Realschule platzt aus allen Nähten: Lösung nun Oberding

Erding · Guter Ruf ein Fluch

Die neue Mittelschule in Oberding wird jetzt noch für drei bis vier Millionen Euro erweitert für die neue „Mini-Realschule“, die ab September starten wird.	Foto: bb

Die neue Mittelschule in Oberding wird jetzt noch für drei bis vier Millionen Euro erweitert für die neue „Mini-Realschule“, die ab September starten wird. Foto: bb

Erding · Die endgültige Entscheidung fällt das Kultusministerium, und dieses hat sich eindeutig positioniert. Bildungs- und Kreisausschuss hatten sich klar für die Realschule in Oberding ausgesprochen.

Jeder dachte, das sei eine Formalie, wo die vierte Realschule im Landkreis gebaut wird. Doch dann tauchte im Kreistag viel dubiose Begleitmusik auf – so gab es nach über drei Stunden zäher Diskussion „nur“ eine 31:16-Entscheidung für Oberding. Räte von SPD-, CSU- und Freien Wählern hatten für Wartenberg gestimmt.

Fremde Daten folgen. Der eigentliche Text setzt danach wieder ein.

lemma card_partitions_containing:
  assumes "finite A" "{} \<notin> L"
  shows "of_nat (card {S. partition_on A S \<and> L \<subseteq> S})
       = (\<Sum>E\<in>{E \<in> Pow A. disjoint L \<and> \<Union>L \<subseteq> E}. complete_bell zero_one_seq (card A - card E))"
proof (cases "disjoint L \<and> \<Union>L \<subseteq> A")
  case True
  define C where "C = A - \<Union>L"
  have "finite C" using assms(1) by (simp add: C_def)
  have "partition_on (\<Union>L) L" using True assms(2) by (simp add: partition_on_def)
  then have "card {S. partition_on A S \<and> L \<subseteq> S} = card {P. partition_on C P}"
    unfolding C_def using True by (simp add: bij_betw_same_card[OF bij_betw_partitions_containing])
  also have "\<dots> = (\<Sum>D\<in>Pow C. card (singleton_free_partitions D))"
    by (rule card_partitions_eq_sum_singleton_free[OF \<open>finite C\<close>])
  finally have "of_nat (card {S. partition_on A S \<and> L \<subseteq> S})
      = (\<Sum>D\<in>Pow C. complete_bell zero_one_seq (card D))"
    using \<open>finite C\<close> by (simp add: card_singleton_free_partitions finite_subset)
  also have "\<dots> = (\<Sum>E\<in>{E \<in> Pow A. disjoint L \<and> \<Union>L \<subseteq> E}. complete_bell zero_one_seq (card A - card E))"
  proof (rule sum.reindex_bij_witness[of _ "\<lambda>D. A - D" "\<lambda>E. A - E"])
    have "card A - card (A - D) = card D" if "D \<subseteq> A" for D
      using assms(1) that by (simp add: card_Diff_subset finite_subset card_mono)
    then show "complete_bell zero_one_seq (card A - card (A - D)) = complete_bell zero_one_seq (card D)"
      if "D \<in> Pow C" for D
      using that unfolding C_def by (metis Diff_subset PowD subset_trans)
  qed (use True in \<open>auto simp: C_def\<close>)
  finally show ?thesis .
next
  case False
  have "{S. partition_on A S \<and> L \<subseteq> S} = {}"
  proof (intro equals0I)
    fix S assume "S \<in> {S. partition_on A S \<and> L \<subseteq> S}"
    then have S: "partition_on A S \<and> L \<subseteq> S" by simp
    then have "disjoint L" using pairwise_subset partition_onD2 by blast
    moreover have "\<Union>L \<subseteq> A" using S partition_onD1 by blast
    ultimately show False using False by blast
  qed
  moreover have "{E \<in> Pow A. disjoint L \<and> \<Union>L \<subseteq> E} = {}"
    using False by blast
  ultimately show ?thesis by (simp only: card.empty sum.empty of_nat_0)
qed

lemma mem_M_lang_iff: "w \<in> M_lang S \<longleftrightarrow> set w - {{}} \<subseteq> S"
  by (auto simp: M_lang_def)

lemma mem_T_lang_iff: "w \<in> T_lang E \<longleftrightarrow> disjoint (set w - {{}}) \<and> \<Union>(set w - {{}}) \<subseteq> E"
proof
  assume "w \<in> T_lang E"
  then obtain S where "disj_family_in S E" "set w - {{}} \<subseteq> S"
    by (auto simp: T_lang_def mem_M_lang_iff)
  then show "disjoint (set w - {{}}) \<and> \<Union>(set w - {{}}) \<subseteq> E"
    using pairwise_subset by (fastforce simp: disj_family_in_def)
next
  assume "disjoint (set w - {{}}) \<and> \<Union>(set w - {{}}) \<subseteq> E"
  then have "disj_family_in (set w - {{}}) E" by (auto simp: disj_family_in_def)
  then show "w \<in> T_lang E" by (auto simp: T_lang_def mem_M_lang_iff)
qed

lemma sum_char_series:
  "finite I \<Longrightarrow> (\<Sum>i\<in>I. c i * char_series (F i) w) = (\<Sum>i\<in>{i \<in> I. w \<in> F i}. c i)"
  by (auto simp: char_series_def sum.inter_filter intro!: sum.cong)

theorem proposition1:
  fixes n :: nat
  shows "(\<lambda>w. \<Sum>S\<in>{S. partition_on {1..n} S}. char_series (M_lang S) w)
       = (\<lambda>w. \<Sum>E\<in>Pow {1..n}.
              complete_bell zero_one_seq (n - card E) * char_series (T_lang E) w)"
proof
  fix w :: "letter list"
  define L where "L = set w - {{}}"
  have fin: "finite {S. partition_on {1..n} S}"
    by (simp add: finitely_many_partition_on)
  have "(\<Sum>S\<in>{S. partition_on {1..n} S}. char_series (M_lang S) w)
      = of_nat (card {S. partition_on {1..n} S \<and> L \<subseteq> S})"
    using sum_char_series[OF fin, of "\<lambda>_. 1"] by (simp add: mem_M_lang_iff L_def)
  also have "\<dots> = (\<Sum>E\<in>{E \<in> Pow {1..n}. disjoint L \<and> \<Union>L \<subseteq> E}. complete_bell zero_one_seq (n - card E))"
    using card_partitions_containing[of "{1..n}" L] by (simp add: L_def)
  also have "\<dots> = (\<Sum>E\<in>Pow {1..n}. complete_bell zero_one_seq (n - card E) * char_series (T_lang E) w)"
    by (simp add: sum_char_series mem_T_lang_iff L_def)
  finally show "(\<Sum>S\<in>{S. partition_on {1..n} S}. char_series (M_lang S) w)
      = (\<Sum>E\<in>Pow {1..n}. complete_bell zero_one_seq (n - card E) * char_series (T_lang E) w)" .
qed
end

Dass der Landkreis neben den beiden Erdinger Realschulen Heilig Blut (nur für Mädchen) sowie Herzog-Tassilo und der in Taufkirchen eine vierte Einrichtung benötigt, darüber waren sich alle Beteiligten einig. Rektor Michael Altmann von der Herzog-Tassilo-Realschule warb in einem flammenden Plädoyer für eine Entlastung seiner Einrichtung: „Unsere Realschule, eine der größten in Bayern, wurde konzipiert für etwa 600 Schüler, tatsächlich haben wir aktuell 1.240 Schüler in 45 Klassen. Wir haben nicht genügend Klassenzimmer, Fachräume für Chemie, Biologie, Musik oder Physik sind umgewidmet zu Klassenräumen. Wir können nicht alle 30 Wochenstunden am Vormittag unterrichten, daher gibt es am Nachmittag Sport, Physik und Informatik. Es gibt keine Möglichkeit zum Mittagessen, alle quetschen sich in die kleine Aula. Wir haben einen sehr guten Ruf, doch der ist mehr ein Fluch. So kann es nicht weitergehen. Wir brauchen dringend eine Entlastung“, klagt der Rektor.

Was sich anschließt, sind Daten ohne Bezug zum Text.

lemma faa_di_bruno:
  assumes smooth: "smooth_curve_on g {a..b}" and ab: "a < b"
  shows "\<forall>t\<in>{a..b}. hvd k (\<lambda>t. Df 0 (g t) []) {a..b} t = fdb_sum k (g t) (\<lambda>i. hvd i g {a..b} t)"
proof (induction k)
  case 0
  then show ?case by (simp add: fdb_sum_def)
next
  case (Suc k)
  show ?case
  proof
    fix t assume t: "t \<in> {a..b}"
    have D: "((\<lambda>s. fdb_sum k (g s) (\<lambda>i. hvd i g {a..b} s)) has_vector_derivative
       (\<Sum>as\<leftarrow>fdb_index k. \<Sum>bs\<leftarrow>fdb_step as. Df (length bs) (g t) (map (\<lambda>i. hvd i g {a..b} t) bs)))
       (at t within {a..b})"
      unfolding fdb_sum_def
      by (rule has_vector_derivative_sum_list) (rule has_vector_derivative_fdb_term[OF smooth t])
    have next_order: "(\<Sum>as\<leftarrow>fdb_index k. \<Sum>bs\<leftarrow>fdb_step as. Df (length bs) (g t) (map (\<lambda>i. hvd i g {a..b} t) bs))
        = fdb_sum (Suc k) (g t) (\<lambda>i. hvd i g {a..b} t)"
      by (simp add: fdb_sum_def map_concat sum_list_concat o_def)
    have "(hvd k (\<lambda>t. Df 0 (g t) []) {a..b} has_vector_derivative
        fdb_sum (Suc k) (g t) (\<lambda>i. hvd i g {a..b} t)) (at t within {a..b})"
      using has_vector_derivative_transform[OF t _ D] Suc next_order by auto
    then show "hvd (Suc k) (\<lambda>t. Df 0 (g t) []) {a..b} t = fdb_sum (Suc k) (g t) (\<lambda>i. hvd i g {a..b} t)"
      using vector_derivative_within_closed_interval[OF ab t] by simp
  qed
qed

lemma norm_tower_single_slot_le:
  assumes l: "\<forall>v\<in>set l. norm v \<le> L" and r: "\<forall>v\<in>set r. norm v \<le> L" and d: "norm d \<le> L * e"
    and len: "length l + Suc (length r) = m" and L: "0 \<le> L" and e: "0 \<le> e"
  shows "norm (Df m y (l @ d # r)) \<le> tower_bound m * L ^ m * e"
proof -
  have "norm (Df m y (l @ d # r)) \<le> tower_bound m * (\<Prod>v\<leftarrow>l @ d # r. norm v)"
    by (rule norm_tower_le) (use len in simp)
  also have "(\<Prod>v\<leftarrow>l @ d # r. norm v) = (\<Prod>v\<leftarrow>l. norm v) * (norm d * (\<Prod>v\<leftarrow>r. norm v))"
    by simp
  also have "\<dots> \<le> L ^ length l * ((L * e) * L ^ length r)"
    using prod_list_norm_le_power[OF l L] prod_list_norm_le_power[OF r L] d
    by (intro mult_mono) (auto intro!: prod_list_nonneg mult_nonneg_nonneg zero_le_power L e)
  also have "\<dots> = L ^ m * e" by (simp add: power_add algebra_simps flip: len)
  finally show ?thesis using tower_bound_nonneg[of m] by (simp add: mult_left_mono mult.assoc)
qed

lemma tower_perturbation:
  fixes Gq Gd :: "nat \<Rightarrow> 'a"
  assumes range: "\<forall>a\<in>set as. a \<in> I"
    and bounds: "\<forall>i\<in>I. norm (Gq i) \<le> K \<and> norm (Gd i - Gq i) \<le> K * e"
    and K: "0 \<le> K" and e: "0 \<le> e" "e \<le> 1"
  shows "norm (Df (length as) y (map Gq as)) \<le> tower_bound (length as) * K ^ length as"
    and "norm (Df (length as) y (map Gd as) - Df (length as) y (map Gq as))
          \<le> tower_bound (length as) * real (length as) * (2 * K + 1) ^ length as * e"
proof -
  define m where "m = length as"
  define L where "L = 2 * K + 1"
  have L0: "0 \<le> L" using K L_def by simp
  have bound_q: "\<forall>v\<in>set (map Gq as). norm v \<le> K" using range bounds by auto
  show "norm (Df (length as) y (map Gq as)) \<le> tower_bound (length as) * K ^ length as"
    using norm_tower_le[of "map Gq as" "length as" y] prod_list_norm_le_power[OF bound_q K]
      tower_bound_nonneg[of "length as"]
    by (simp add: order_trans mult_left_mono)
  have bound_q': "\<forall>v\<in>set (map Gq as). norm v \<le> L" using bound_q L_def K by force
  have bound_d': "\<forall>v\<in>set (map Gd as). norm v \<le> L"
  proof
    fix v assume "v \<in> set (map Gd as)"
    then obtain a where a: "a \<in> set as" "v = Gd a" by auto
    have "norm (Gd a) \<le> norm (Gq a) + norm (Gd a - Gq a)" by (rule norm_triangle_sub)
    also have "\<dots> \<le> K + K * e" using bounds range a by (auto intro: add_mono)
    also have "\<dots> \<le> L" using K e L_def mult_left_le[of e K] by simp
    finally show "norm v \<le> L" using a by simp
  qed
  have single_slot: "norm (Df m y (take i (map Gd as) @ (map Gd as ! i - map Gq as ! i)
      # drop (Suc i) (map Gq as))) \<le> tower_bound m * L ^ m * e" if i: "i < m" for i
  proof (rule norm_tower_single_slot_le)
    show "\<forall>v\<in>set (take i (map Gd as)). norm v \<le> L" using bound_d' by (meson in_set_takeD)
    show "\<forall>v\<in>set (drop (Suc i) (map Gq as)). norm v \<le> L" using bound_q' by (meson in_set_dropD)
    have "norm (map Gd as ! i - map Gq as ! i) \<le> K * e" using bounds range i m_def by auto
    also have "\<dots> \<le> L * e" using e L_def K by (intro mult_right_mono) auto
    finally show "norm (map Gd as ! i - map Gq as ! i) \<le> L * e" .
  qed (use i m_def L0 e in auto)
  have "Df m y (map Gd as) - Df m y (map Gq as) = (\<Sum>i<m. Df m y (take i (map Gd as)
      @ (map Gd as ! i - map Gq as ! i) # drop (Suc i) (map Gq as)))"
    by (rule tower_diff_telescope) (auto simp: m_def)
  also have "norm \<dots> \<le> (\<Sum>i<m. tower_bound m * L ^ m * e)"
    by (rule sum_norm_le) (use single_slot in auto)
  also have "\<dots> = tower_bound m * real m * L ^ m * e" by simp
  finally show "norm (Df (length as) y (map Gd as) - Df (length as) y (map Gq as))
      \<le> tower_bound (length as) * real (length as) * (2 * K + 1) ^ length as * e"
    unfolding m_def L_def .
qed

definition fdb_value_const :: "nat \<Rightarrow> real \<Rightarrow> real" where
  "fdb_value_const k K = (\<Sum>as\<leftarrow>fdb_index k. tower_bound (length as) * K ^ length as)"

definition fdb_error_const :: "nat \<Rightarrow> real \<Rightarrow> real" where
  "fdb_error_const k K =
     (\<Sum>as\<leftarrow>fdb_index k. tower_bound (length as) * real (length as) * (2 * K + 1) ^ length as)"

lemma fdb_sum_perturbation:
  fixes Gq Gd :: "nat \<Rightarrow> 'a"
  assumes bounds: "\<forall>i\<in>{1..k}. norm (Gq i) \<le> K \<and> norm (Gd i - Gq i) \<le> K * e"
    and K: "0 \<le> K" and e: "0 \<le> e" "e \<le> 1"
  shows "norm (fdb_sum k y Gq) \<le> fdb_value_const k K"
    and "norm (fdb_sum k y Gd - fdb_sum k y Gq) \<le> fdb_error_const k K * e"
proof -
  have range: "\<forall>a\<in>set as. a \<in> {1..k}" if "as \<in> set (fdb_index k)" for as
    using fdb_index_range[OF that] by auto
  show "norm (fdb_sum k y Gq) \<le> fdb_value_const k K"
    unfolding fdb_sum_def fdb_value_const_def
    by (rule norm_sum_list_le) (use tower_perturbation(1)[OF range bounds K e] in auto)
  show "norm (fdb_sum k y Gd - fdb_sum k y Gq) \<le> fdb_error_const k K * e"
    unfolding fdb_sum_def fdb_error_const_def sum_list_subtractf[symmetric] sum_list_mult_const[symmetric]
    by (rule norm_sum_list_le) (use tower_perturbation(2)[OF range bounds K e] in auto)
qed

(* Constants of the error propagation: error_const B k bounds the derivatives of orders
   1..k+1 and their errors relative to e, given the bound B at order 1. *)
fun error_const :: "real \<Rightarrow> nat \<Rightarrow> real" where
  "error_const B 0 = max B 0"
| "error_const B (Suc k) = max (error_const B k)
     (max (fdb_value_const k (error_const B k)) (fdb_error_const k (error_const B k)))"

lemma error_const_nonneg: "0 \<le> error_const B k"
  by (induction k) auto

lemma recurrence_error_bound:
  fixes Gq Gd :: "nat \<Rightarrow> 'a"
  assumes e: "0 \<le> e" "e \<le> 1"
    and first: "norm (Gq 1) \<le> B" "norm (Gd 1 - Gq 1) \<le> B * e"
    and rec_q: "\<And>k. Suc (Suc k) \<le> n \<Longrightarrow> Gq (Suc (Suc k)) = fdb_sum k y Gq"
    and rec_d: "\<And>k. Suc (Suc k) \<le> n \<Longrightarrow> Gd (Suc (Suc k)) = fdb_sum k y Gd"
  shows "k < n \<Longrightarrow> \<forall>i\<in>{1..Suc k}. norm (Gq i) \<le> error_const B k \<and>
                                   norm (Gd i - Gq i) \<le> error_const B k * e"
proof (induction k)
  case 0
  have "B * e \<le> max B 0 * e" using e by (intro mult_right_mono) auto
  then show ?case using first by auto
next
  case (Suc k)
  define K where "K = error_const B k"
  define K' where "K' = error_const B (Suc k)"
  have K: "0 \<le> K" unfolding K_def by (rule error_const_nonneg)
  have K': "K' = max K (max (fdb_value_const k K) (fdb_error_const k K))"
    unfolding K_def K'_def by simp
  have old: "\<forall>i\<in>{1..Suc k}. norm (Gq i) \<le> K \<and> norm (Gd i - Gq i) \<le> K * e"
    using Suc unfolding K_def by simp
  then have "\<forall>i\<in>{1..k}. norm (Gq i) \<le> K \<and> norm (Gd i - Gq i) \<le> K * e" by auto
  note new = fdb_sum_perturbation[OF this K e, of y]
  have K_le: "K \<le> K'" "K * e \<le> K' * e" using e K' by (auto intro: mult_right_mono)
  have new_value: "norm (Gq (Suc (Suc k))) \<le> K'"
    using new(1) rec_q[of k] Suc.prems K' by simp
  have "fdb_error_const k K * e \<le> K' * e" using e K' by (intro mult_right_mono) auto
  then have new_error: "norm (Gd (Suc (Suc k)) - Gq (Suc (Suc k))) \<le> K' * e"
    using new(2) rec_q[of k] rec_d[of k] Suc.prems by simp
  have "norm (Gq i) \<le> K' \<and> norm (Gd i - Gq i) \<le> K' * e" if i: "i \<in> {1..Suc (Suc k)}" for i
  proof (cases "i = Suc (Suc k)")
    case False
    then have "i \<in> {1..Suc k}" using i by auto
    then show ?thesis using old K_le by force
  qed (use new_value new_error in simp)
  then show ?case unfolding K'_def by blast
qed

Eine Studie der FH Erding kommt zum gleichen Ergebnis wie auch das Schulamt und das bayerische Kultusministerium: die größte Entlastung der Herzog-Tassilo-Schule bietet ein neuer Standort in Oberding. „Wichtig für eine neue, zweizügige Realschule ist die dauerhafte Schüleranzahl. Wir brauchen mindestens 350 Schüler, und diese Zahl ist in Wartenberg nicht gegeben. In Oberding aber schon, da es hier auch noch die Nachbargemeinde Hallbergmoos gibt, die gerne ihre Kinder nicht weiter auf die überfüllte Realschule nach Eching, sondern nach Oberding schicken würde. Außerdem wurde die Realschule Moosburg gerade für elf Millionen ausgebaut, die benötigt auch wegen der demographischen Entwicklung dringend die Schüler aus dem Landkreis Erding. Wenn wir in Wartenberg eine neue Schule machen würden, ziehen wir unsere Kinder von dort ab – das akzeptiert das Finanzministerium nie, und die reden ein gewaltiges Wörtchen mit“, so Konrad Huber vom Kultusministerium.

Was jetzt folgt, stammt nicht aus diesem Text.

lemma sample_subset_if_cut_off_unnominated:
  assumes z: "z \<in> profiles n" and S: "S \<subseteq> voters n" and s0: "s0 \<in> S"
    and v: "v \<in> cut_off n z S" and unnominated: "\<And>w. w \<in> S - g z \<Longrightarrow> z w \<noteq> v"
    and IH: "\<And>y. y \<in> profiles n \<Longrightarrow> card (cut_off n y S) < card (cut_off n z S) \<Longrightarrow> g y = S"
  shows "g z \<subseteq> S"
proof (rule ccontr)
  assume "\<not> g z \<subseteq> S"
  then obtain c1 where c1: "c1 \<in> g z" "c1 \<notin> S"
    by blast
  then have v_notin: "v \<notin> g z"
    using sample_eq_if_cut_off_in_sample[OF z S s0 v _ IH] by blast
  have vN: "v \<in> voters n" "v \<notin> S"
    using v cut_off_disjoint[OF v] unfolding cut_off_def by auto
  have c1N: "c1 \<in> voters n"
    using c1 sample_voters[OF z] by blast
  define p where "p = override_on z (\<lambda>u. if u \<in> S then c1 else v) (g z)"
  have p: "p \<in> profiles n"
    unfolding p_def using z sample_voters[OF z] c1 c1N vN v_notin
    by (intro profiles_override_on) auto
  have gp: "g p = g z"
    by (rule sample_determined_outside[OF z p]) (simp add: p_def)
  have "W_set n (g p) p = {v}"
    using gp c1 vN v_notin unfolding W_set_def p_def by auto
  define q where "q = p(v := s0)"
  have q: "q \<in> profiles n"
    unfolding q_def using p vN s0 S by (intro profiles_update) auto
  have "v \<in> W_set n (g q) q"
    unfolding q_def using p \<open>W_set n (g p) p = {v}\<close> s0 S vN
    by (intro unique_candidate_stays_candidate) auto
  have reach: "reaches q S u" if "u \<in> insert v (g z)" for u
    using that s0 by (intro reaches_through[of q v S "g z"]) (auto simp: q_def p_def)
  have "card (cut_off n q S) < card (cut_off n z S)"
    by (rule card_cut_off_less[of "insert v (g z)"]) (use reach v in \<open>auto simp: q_def p_def\<close>)
  then have "g q = S"
    using q IH by blast
  then obtain u where u: "u \<in> S" "q u = v"
    using \<open>v \<in> W_set n (g q) q\<close> unfolding W_set_def by blast
  then have "p u = v"
    using vN by (auto simp: q_def split: if_splits)
  show False
  proof (cases "u \<in> g z")
    case True
    then show False
      using \<open>p u = v\<close> u(1) c1(1) v_notin by (simp add: p_def)
  next
    case False
    then show False
      using \<open>p u = v\<close> u(1) unnominated by (simp add: p_def)
  qed
qed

Die neue Schule wird eine „Mini-Realschule“, die zwar alle Fächer genauso anbietet wie eine vollwertige, aber eben nur zwei Klassenzüge. „Wir starten mit zwei fünften Klassen, sollte es sich besser als erwartet entwickeln, können es auch drei Klassenzüge werden. Die ersten beiden Jahre steht der neuen Schule die Herzog-Tassilo-Schule als ‚Mutter‘ zur Seite, von dort pendeln auch die Lehrer. Ab dem dritten Jahr wird die Schule eigenständig, mit eigenen Lehrern und Rektor“, erläuterte Huber. Außerdem wird es eine „Kooperationsschule“ sein, das bedeutet, „dass es unter einem Dach zwei völlig unabhängige Schulen, nämlich eine Realschule und eine Mittelschule, gibt. Die nutzen gemeinsam Fachräume und Sporthallen, Aula und Pausenverkauf, machen gemeinsame Feste und Projekte – das wird aber keine Gesamtschule“, betonte Landrat Bayerstorfer energisch.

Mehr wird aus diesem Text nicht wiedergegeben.